(Given data begins)

(* Let $k\ge1$ and let $f$ be a sufficiently differentiable (at least $(3k-2)$-times differentiable) function of one variable. Then $$\Delta\Bigl(\tfrac{\partial}{\partial x_1},\dots,\tfrac{\partial}{\partial x_{2k}}\Bigr)\Delta\Bigl(\tfrac{\partial}{\partial x_1},\dots,\tfrac{\partial}{\partial x_{k}}\Bigr)\Delta\Bigl(\tfrac{\partial}{\partial x_{k+1}},\dots,\tfrac{\partial}{\partial x_{2k}}\Bigr)\prod_{i=1}^{2k}f(x_i),$$ evaluated at $x_1=\cdots=x_k=1$, $x_{k+1}=\cdots=x_{2k}=-1$, equals $k!^2\det(m_{ij})_{1\le i,j\le 2k}$, where for $1\le i\le k$ and $1\le j\le 2k$, $$m_{ij}=f^{(i+j-2)}(1),\qquad m_{k+i,j}=f^{(i+j-2)}(-1).$$
   Context: $\Delta(z_1,\dots,z_n)=\prod_{1\le i<j\le n}(z_j-z_i)$ is the Vandermonde polynomial, and $\Delta(\partial/\partial x_{i_1},\dots,\partial/\partial x_{i_n})$ denotes the constant-coefficient differential operator obtained by substituting $z_m=\partial/\partial x_{i_m}$. *)

theory Defs
  imports "HOL-Analysis.Analysis" "Jordan_Normal_Form.Determinant"
begin

text \<open>Functions of several real variables x_1, x_2, ... are modelled as
  functions of a point (nat \<Rightarrow> real); only finitely many coordinates matter.\<close>

definition partial :: "nat \<Rightarrow> ((nat \<Rightarrow> real) \<Rightarrow> real) \<Rightarrow> (nat \<Rightarrow> real) \<Rightarrow> real" where
  "partial i F x = deriv (\<lambda>t. F (x(i := t))) (x i)"

definition diff_op :: "nat \<Rightarrow> nat \<Rightarrow> ((nat \<Rightarrow> real) \<Rightarrow> real) \<Rightarrow> (nat \<Rightarrow> real) \<Rightarrow> real" where
  "diff_op i j F = (\<lambda>x. partial j F x - partial i F x)"

definition vand_pairs :: "nat list \<Rightarrow> (nat \<times> nat) list" where
  "vand_pairs xs = [(xs ! a, xs ! b). b \<leftarrow> [0..<length xs], a \<leftarrow> [0..<b]]"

(Given data ends)

▸ Instructions for the task
All entries shown above should be printed again exactly.

▸ Written solution
(* Let $k\ge1$ and let $f$ be a sufficiently differentiable (at least $(3k-2)$-times differentiable) function of one variable. Then $$\Delta\Bigl(\tfrac{\partial}{\partial x_1},\dots,\tfrac{\partial}{\partial x_{2k}}\Bigr)\Delta\Bigl(\tfrac{\partial}{\partial x_1},\dots,\tfrac{\partial}{\partial x_{k}}\Bigr)\Delta\Bigl(\tfrac{\partial}{\partial x_{k+1}},\dots,\tfrac{\partial}{\partial x_{2k}}\Bigr)\prod_{i=1}^{2k}f(x_i),$$ evaluated at $x_1=\cdots=x_k=1$, $x_{k+1}=\cdots=x_{2k}=-1$, equals $k!^2\det(m_{ij})_{1\le i,j\le 2k}$, where for $1\le i\le k$ and $1\le j\le 2k$, $$m_{ij}=f^{(i+j-2)}(1),\qquad m_{k+i,j}=f^{(i+j-2)}(-1).$$
   Context: $\Delta(z_1,\dots,z_n)=\prod_{1\le i<j\le n}(z_j-z_i)$ is the Vandermonde polynomial, and $\Delta(\partial/\partial x_{i_1},\dots,\partial/\partial x_{i_n})$ denotes the constant-coefficient differential operator obtained by substituting $z_m=\partial/\partial x_{i_m}$. *)

theory Defs
  imports "HOL-Analysis.Analysis" "Jordan_Normal_Form.Determinant"
begin

text \<open>Functions of several real variables x_1, x_2, ... are modelled as
  functions of a point (nat \<Rightarrow> real); only finitely many coordinates matter.\<close>

definition partial :: "nat \<Rightarrow> ((nat \<Rightarrow> real) \<Rightarrow> real) \<Rightarrow> (nat \<Rightarrow> real) \<Rightarrow> real" where
  "partial i F x = deriv (\<lambda>t. F (x(i := t))) (x i)"

definition diff_op :: "nat \<Rightarrow> nat \<Rightarrow> ((nat \<Rightarrow> real) \<Rightarrow> real) \<Rightarrow> (nat \<Rightarrow> real) \<Rightarrow> real" where
  "diff_op i j F = (\<lambda>x. partial j F x - partial i F x)"

definition vand_pairs :: "nat list \<Rightarrow> (nat \<times> nat) list" where
  "vand_pairs xs = [(xs ! a, xs ! b). b \<leftarrow> [0..<length xs], a \<leftarrow> [0..<b]]"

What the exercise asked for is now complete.